_Input material_.
————

(* Let the mesh consist of cells $I_1,\dots,I_N$, and fix an initial state $U^{1/2}\in\Omega$. Construct polynomials $P^*_1,\dots,P^*_N$ recursively as follows. For each $i$, $P^*_i$ is the vector-valued polynomial of degree $\le s$ satisfying - $P^*_i(x_{i-1/2})=U^{i-1/2}$, where $U^{1/2}$ is the given state and $U^{i-1/2}=P^*_{i-1}(x_{i-1/2})$ for $i\ge2$; - $D_f(P^*_i(x_i^m))\,(P^*_i)'(x_i^m)=S(P^*_i(x_i^m))H_x(x_i^m)$ for $m=1,\dots,s$. Assume these polynomials exist. Set $\widetilde U^*_i=\sum_{m=1}^s b_m P^*_i(x_i^m)$. Assume that the local collocation problem, the forward collocation problem and the backward collocation problem each have a unique solution whenever they are posed during the application of the local solver to the data $\widetilde W=\widetilde U^*_i$ at the cells $i$ considered below. Assume also that $Q_i(x;\{0\})\equiv0$ and $\mathbb F(U,U)=f(U)$. Then, for every cell $i$ whose stencil $\{i-l,\dots,i+r\}$ is contained in $\{1,\dots,N\}$, the right-hand side of the $i$-th equation of the semi-discrete scheme vanishes at $\{\widetilde U^*_j\}$. In other words, $\{\widetilde U^*_i\}$ is a discrete stationary solution at these cells.
   Context: Consider a system of balance laws $U_t+f(U)_x=S(U)H_x$, where $U\in\Omega\subset\mathbb R^N$, $f$ is differentiable with Jacobian $D_f$, and $H$ is differentiable. Mesh. The cells are $I_i=[x_{i-1/2},x_{i+1/2}]$, all of length $\Delta x$. Gauss–Legendre collocation. Fix the $s$-stage Gauss–Legendre collocation method. Its nodes $c_1,\dots,c_s\in(0,1)$ and weights $b_1,\dots,b_s$ are those of the $s$-point Gauss quadrature on $[0,1]$. In cell $I_i$ the collocation points are $x_i^m=x_{i-1/2}+c_m\Delta x$. The same Gauss rule, with nodes $x_i^m$ and weights $b_m$ ($M=s$), is used as the cell quadrature. Stencils. The stencils are $\mathcal S_i=\{i-l,\dots,i+r\}$ for fixed integers $l,r\ge0$. Local solver, given $i$ and $\widetilde W$. - (a) Local collocation problem: find the polynomial $P_i$ of degree $\le s$ with $\sum_{m=1}^s b_mP_i(x_i^m)=\widetilde W$ and $D_f(P_i(x_i^m))P_i'(x_i^m)=S(P_i(x_i^m))H_x(x_i^m)$ for $m=1,\dots,s$. Set $U^{*,m}_{i,i}=P_i(x_i^m)$ and $U_i^{*,i\pm1/2}=P_i(x_{i\pm1/2})$. - (b) Forward collocation problem: for $j=i+1,\dots,i+r$, successively find the polynomial $P_j$ of degree $\le s$ with $P_j(x_{j-1/2})=P_{j-1}(x_{j-1/2})$ and the collocation conditions at the points $x_j^m$. Set $U^{*,m}_{i,j}=P_j(x_j^m)$. - (c) Backward collocation problem: for $j=i-1,\dots,i-l$, successively find the polynomial $P_j$ of degree $\le s$ with $P_j(x_{j+1/2})=P_{j+1}(x_{j+1/2})$ and the collocation conditions at the points $x_j^m$. Set $U^{*,m}_{i,j}=P_j(x_j^m)$. Reconstruction. $Q_i(x;\{V_j\}_{j\in\mathcal S_i})$ is a standard reconstruction operator. Given cell values $\{\widetilde U_i\}$, at each cell $i$ proceed as follows. - Apply the local solver with $\widetilde W=\widetilde U_i$. - Set $V_j=\widetilde U_j-\sum_m b_mU^{*,m}_{i,j}$ and $Q_i(x)=Q_i(x;\{V_j\})$. - Define - $P^m_i=U^{*,m}_{i,i}+Q_i(x_i^m)$, - $U^+_{i-1/2}=U_i^{*,i-1/2}+Q_i(x_{i-1/2})$, - $U^-_{i+1/2}=U_i^{*,i+1/2}+Q_i(x_{i+1/2})$. Numerical method. The semi-discrete scheme is $$\frac{d\widetilde U_i}{dt}=-\frac{1}{\Delta x}(F_{i+1/2}-F_{i-1/2})+\frac1{\Delta x}S_i,$$ with $F_{i+1/2}=\mathbb F(U^-_{i+1/2},U^+_{i+1/2})$ and $$S_i=f(U_i^{*,i+1/2})-f(U_i^{*,i-1/2})+\Delta x\sum_m b_m\big(S(P_i^m)-S(U^{*,m}_{i,i})\big)H_x(x_i^m).$$ *)

theory Defs
  imports "HOL-Analysis.Analysis" "HOL-Computational_Algebra.Polynomial"
begin

text \<open>s-point Gauss(-Legendre) quadrature on [0,1]: s distinct increasing nodes
  c_1 < ... < c_s in (0,1) with weights b_1..b_s, exact for all polynomials of
  degree at most 2s-1 (this characterises the Gauss rule uniquely).\<close>
definition gauss_legendre :: "nat \<Rightarrow> (nat \<Rightarrow> real) \<Rightarrow> (nat \<Rightarrow> real) \<Rightarrow> bool" where
  "gauss_legendre s c b \<longleftrightarrow> s \<ge> 1 \<and>
     (\<forall>m\<in>{1..s}. 0 < c m \<and> c m < 1) \<and>
     (\<forall>m\<in>{1..s}. \<forall>n\<in>{1..s}. m < n \<longrightarrow> c m < c n) \<and>
     (\<forall>p :: real poly. degree p \<le> 2 * s - 1 \<longrightarrow>
        (\<Sum>m = 1..s. b m * poly p (c m)) = integral {0..1} (poly p))"

definition vpoly :: "nat \<Rightarrow> (real \<Rightarrow> 'v::real_vector) \<Rightarrow> bool" where
  "vpoly s P \<longleftrightarrow> (\<exists>a :: nat \<Rightarrow> 'v. \<forall>x. P x = (\<Sum>k\<le>s. x ^ k *\<^sub>R a k))"

record 'v blscheme =
  flx    :: "'v \<Rightarrow> 'v"
  jac    :: "'v \<Rightarrow> 'v \<Rightarrow> 'v"           (* D_f(U), applied to a vector *)
  src    :: "'v \<Rightarrow> 'v"
  Hx     :: "real \<Rightarrow> real"
  nflux  :: "'v \<Rightarrow> 'v \<Rightarrow> 'v"
  recon  :: "int \<Rightarrow> (int \<Rightarrow> 'v) \<Rightarrow> real \<Rightarrow> 'v"
  deg    :: nat
  nodes  :: "nat \<Rightarrow> real"
  weights :: "nat \<Rightarrow> real"
  xorig  :: real
  dx     :: real
  lst    :: nat
  rst    :: nat

text \<open>Mesh: x_{i-1/2} = xL i, x_{i+1/2} = xR i, collocation points x_i^m.\<close>
definition xL :: "'v blscheme \<Rightarrow> int \<Rightarrow> real" where
  "xL sc i = xorig sc + real_of_int (i - 1) * dx sc"

definition xR :: "'v blscheme \<Rightarrow> int \<Rightarrow> real" where
  "xR sc i = xorig sc + real_of_int i * dx sc"

definition xq :: "'v blscheme \<Rightarrow> int \<Rightarrow> nat \<Rightarrow> real" where
  "xq sc i m = xL sc i + nodes sc m * dx sc"

definition stencil :: "'v blscheme \<Rightarrow> int \<Rightarrow> int set" where
  "stencil sc i = {i - int (lst sc) .. i + int (rst sc)}"

definition cquad :: "'v::real_vector blscheme \<Rightarrow> int \<Rightarrow> (real \<Rightarrow> 'v) \<Rightarrow> 'v" where
  "cquad sc i P = (\<Sum>m = 1..deg sc. weights sc m *\<^sub>R P (xq sc i m))"

definition colloc :: "'v::real_normed_vector blscheme \<Rightarrow> int \<Rightarrow> (real \<Rightarrow> 'v) \<Rightarrow> bool" where
  "colloc sc j P \<longleftrightarrow> (\<forall>m\<in>{1..deg sc}.
      jac sc (P (xq sc j m)) (vector_derivative P (at (xq sc j m)))
        = Hx sc (xq sc j m) *\<^sub>R src sc (P (xq sc j m)))"

definition local_prob :: "'v::real_normed_vector blscheme \<Rightarrow> int \<Rightarrow> 'v \<Rightarrow> (real \<Rightarrow> 'v) \<Rightarrow> bool" where
  "local_prob sc i W P \<longleftrightarrow> vpoly (deg sc) P \<and> cquad sc i P = W \<and> colloc sc i P"

definition fwd_prob :: "'v::real_normed_vector blscheme \<Rightarrow> int \<Rightarrow> (real \<Rightarrow> 'v) \<Rightarrow> (real \<Rightarrow> 'v) \<Rightarrow> bool" where
  "fwd_prob sc j Pprev P \<longleftrightarrow> vpoly (deg sc) P \<and> P (xL sc j) = Pprev (xL sc j) \<and> colloc sc j P"

definition bwd_prob :: "'v::real_normed_vector blscheme \<Rightarrow> int \<Rightarrow> (real \<Rightarrow> 'v) \<Rightarrow> (real \<Rightarrow> 'v) \<Rightarrow> bool" where
  "bwd_prob sc j Pnext P \<longleftrightarrow> vpoly (deg sc) P \<and> P (xR sc j) = Pnext (xR sc j) \<and> colloc sc j P"

text \<open>Local solver: fwd_chain sc i W k = P_{i+k}, bwd_chain sc i W k = P_{i-k}.\<close>
fun fwd_chain :: "'v::real_normed_vector blscheme \<Rightarrow> int \<Rightarrow> 'v \<Rightarrow> nat \<Rightarrow> real \<Rightarrow> 'v" where
  "fwd_chain sc i W 0 = (THE P. local_prob sc i W P)"
| "fwd_chain sc i W (Suc k) = (THE P. fwd_prob sc (i + int (Suc k)) (fwd_chain sc i W k) P)"

fun bwd_chain :: "'v::real_normed_vector blscheme \<Rightarrow> int \<Rightarrow> 'v \<Rightarrow> nat \<Rightarrow> real \<Rightarrow> 'v" where
  "bwd_chain sc i W 0 = (THE P. local_prob sc i W P)"
| "bwd_chain sc i W (Suc k) = (THE P. bwd_prob sc (i - int (Suc k)) (bwd_chain sc i W k) P)"

definition solverP :: "'v::real_normed_vector blscheme \<Rightarrow> int \<Rightarrow> 'v \<Rightarrow> int \<Rightarrow> real \<Rightarrow> 'v" where
  "solverP sc i W j = (if i \<le> j then fwd_chain sc i W (nat (j - i)) else bwd_chain sc i W (nat (i - j)))"

definition solver_unique :: "'v::real_normed_vector blscheme \<Rightarrow> int \<Rightarrow> 'v \<Rightarrow> bool" where
  "solver_unique sc i W \<longleftrightarrow>
     (\<exists>!P. local_prob sc i W P) \<and>
     (\<forall>k < rst sc. \<exists>!P. fwd_prob sc (i + int (Suc k)) (fwd_chain sc i W k) P) \<and>
     (\<forall>k < lst sc. \<exists>!P. bwd_prob sc (i - int (Suc k)) (bwd_chain sc i W k) P)"

definition reconQ :: "'v::real_normed_vector blscheme \<Rightarrow> (int \<Rightarrow> 'v) \<Rightarrow> int \<Rightarrow> real \<Rightarrow> 'v" where
  "reconQ sc Ut i = recon sc i (\<lambda>j. if j \<in> stencil sc i
       then Ut j - cquad sc j (solverP sc i (Ut i) j) else 0)"

definition Pm :: "'v::real_normed_vector blscheme \<Rightarrow> (int \<Rightarrow> 'v) \<Rightarrow> int \<Rightarrow> nat \<Rightarrow> 'v" where
  "Pm sc Ut i m = solverP sc i (Ut i) i (xq sc i m) + reconQ sc Ut i (xq sc i m)"

definition Uplus :: "'v::real_normed_vector blscheme \<Rightarrow> (int \<Rightarrow> 'v) \<Rightarrow> int \<Rightarrow> 'v" where
  "Uplus sc Ut i = solverP sc i (Ut i) i (xL sc i) + reconQ sc Ut i (xL sc i)"

definition Uminus :: "'v::real_normed_vector blscheme \<Rightarrow> (int \<Rightarrow> 'v) \<Rightarrow> int \<Rightarrow> 'v" where
  "Uminus sc Ut i = solverP sc i (Ut i) i (xR sc i) + reconQ sc Ut i (xR sc i)"

definition numflux :: "'v::real_normed_vector blscheme \<Rightarrow> (int \<Rightarrow> 'v) \<Rightarrow> int \<Rightarrow> 'v" where
  "numflux sc Ut i = nflux sc (Uminus sc Ut i) (Uplus sc Ut (i + 1))"

definition srcterm :: "'v::real_normed_vector blscheme \<Rightarrow> (int \<Rightarrow> 'v) \<Rightarrow> int \<Rightarrow> 'v" where
  "srcterm sc Ut i =
     flx sc (solverP sc i (Ut i) i (xR sc i)) - flx sc (solverP sc i (Ut i) i (xL sc i))
     + dx sc *\<^sub>R (\<Sum>m = 1..deg sc. weights sc m *\<^sub>R (Hx sc (xq sc i m) *\<^sub>R
          (src sc (Pm sc Ut i m) - src sc (solverP sc i (Ut i) i (xq sc i m)))))"

definition scheme_rhs :: "'v::real_normed_vector blscheme \<Rightarrow> (int \<Rightarrow> 'v) \<Rightarrow> int \<Rightarrow> 'v" where
  "scheme_rhs sc Ut i =
     - ((1 / dx sc) *\<^sub>R (numflux sc Ut i - numflux sc Ut (i - 1)))
     + (1 / dx sc) *\<^sub>R srcterm sc Ut i"

end

theory Submission
  imports Defs
begin

text \<open>Well-balancing: the stationary polynomials \<open>P\<^sup>*\<^sub>j\<close> solve every collocation
  problem the local solver poses, so by uniqueness the solver at a cell \<open>c\<close> returns
  exactly \<open>P\<^sup>*\<^sub>j\<close> on the stencil of \<open>c\<close>.  Hence all defects \<open>V\<^sub>j\<close> vanish, the
  reconstruction \<open>Q\<^sub>c\<close> is zero, the interface values from both sides coincide by
  continuity of the \<open>P\<^sup>*\<close> chain, the consistent numerical flux reduces to \<open>f\<close>, and
  the flux difference cancels exactly against the source term.\<close>

definition collocation_chain ::
    "'v::real_normed_vector blscheme \<Rightarrow> int set \<Rightarrow> (int \<Rightarrow> real \<Rightarrow> 'v) \<Rightarrow> bool" where
  "collocation_chain sc J P \<longleftrightarrow>
     (\<forall>j\<in>J. vpoly (deg sc) (P j) \<and> colloc sc j (P j)) \<and>
     (\<forall>j\<in>J. j - 1 \<in> J \<longrightarrow> P j (xL sc j) = P (j - 1) (xL sc j))"

lemma collocation_chain_subset:
  "collocation_chain sc J P \<Longrightarrow> J' \<subseteq> J \<Longrightarrow> collocation_chain sc J' P"
  unfolding collocation_chain_def by blast

lemma xR_eq_xL_succ: "xR sc j = xL sc (j + 1)"
  unfolding xR_def xL_def by simp

lemma collocation_chain_interface:
  assumes "collocation_chain sc J P" "j \<in> J" "j + 1 \<in> J"
  shows "P (j + 1) (xR sc j) = P j (xR sc j)"
  using assms unfolding collocation_chain_def xR_eq_xL_succ
  by (metis add_diff_cancel_right')

lemma local_solution_collocation_chain:
  assumes chain: "collocation_chain sc (stencil sc c) P"
    and uq: "solver_unique sc c (cquad sc c (P c))"
  shows "(THE Q. local_prob sc c (cquad sc c (P c)) Q) = P c"
proof (rule the1_equality)
  show "\<exists>!Q. local_prob sc c (cquad sc c (P c)) Q"
    using uq unfolding solver_unique_def by blast
  have "c \<in> stencil sc c" unfolding stencil_def by simp
  then show "local_prob sc c (cquad sc c (P c)) (P c)"
    using chain unfolding local_prob_def collocation_chain_def by blast
qed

————

_Exercise_.
Please reproduce the lines from the line with "(THE P. bwd_prob" to the line with "(xL sc i) +", both ends included, exactly as they appear above.

_Answer section_.
| "bwd_chain sc i W (Suc k) = (THE P. bwd_prob sc (i - int (Suc k)) (bwd_chain sc i W k) P)"

definition solverP :: "'v::real_normed_vector blscheme \<Rightarrow> int \<Rightarrow> 'v \<Rightarrow> int \<Rightarrow> real \<Rightarrow> 'v" where
  "solverP sc i W j = (if i \<le> j then fwd_chain sc i W (nat (j - i)) else bwd_chain sc i W (nat (i - j)))"

definition solver_unique :: "'v::real_normed_vector blscheme \<Rightarrow> int \<Rightarrow> 'v \<Rightarrow> bool" where
  "solver_unique sc i W \<longleftrightarrow>
     (\<exists>!P. local_prob sc i W P) \<and>
     (\<forall>k < rst sc. \<exists>!P. fwd_prob sc (i + int (Suc k)) (fwd_chain sc i W k) P) \<and>
     (\<forall>k < lst sc. \<exists>!P. bwd_prob sc (i - int (Suc k)) (bwd_chain sc i W k) P)"

definition reconQ :: "'v::real_normed_vector blscheme \<Rightarrow> (int \<Rightarrow> 'v) \<Rightarrow> int \<Rightarrow> real \<Rightarrow> 'v" where
  "reconQ sc Ut i = recon sc i (\<lambda>j. if j \<in> stencil sc i
       then Ut j - cquad sc j (solverP sc i (Ut i) j) else 0)"

definition Pm :: "'v::real_normed_vector blscheme \<Rightarrow> (int \<Rightarrow> 'v) \<Rightarrow> int \<Rightarrow> nat \<Rightarrow> 'v" where
  "Pm sc Ut i m = solverP sc i (Ut i) i (xq sc i m) + reconQ sc Ut i (xq sc i m)"

definition Uplus :: "'v::real_normed_vector blscheme \<Rightarrow> (int \<Rightarrow> 'v) \<Rightarrow> int \<Rightarrow> 'v" where
  "Uplus sc Ut i = solverP sc i (Ut i) i (xL sc i) + reconQ sc Ut i (xL sc i)"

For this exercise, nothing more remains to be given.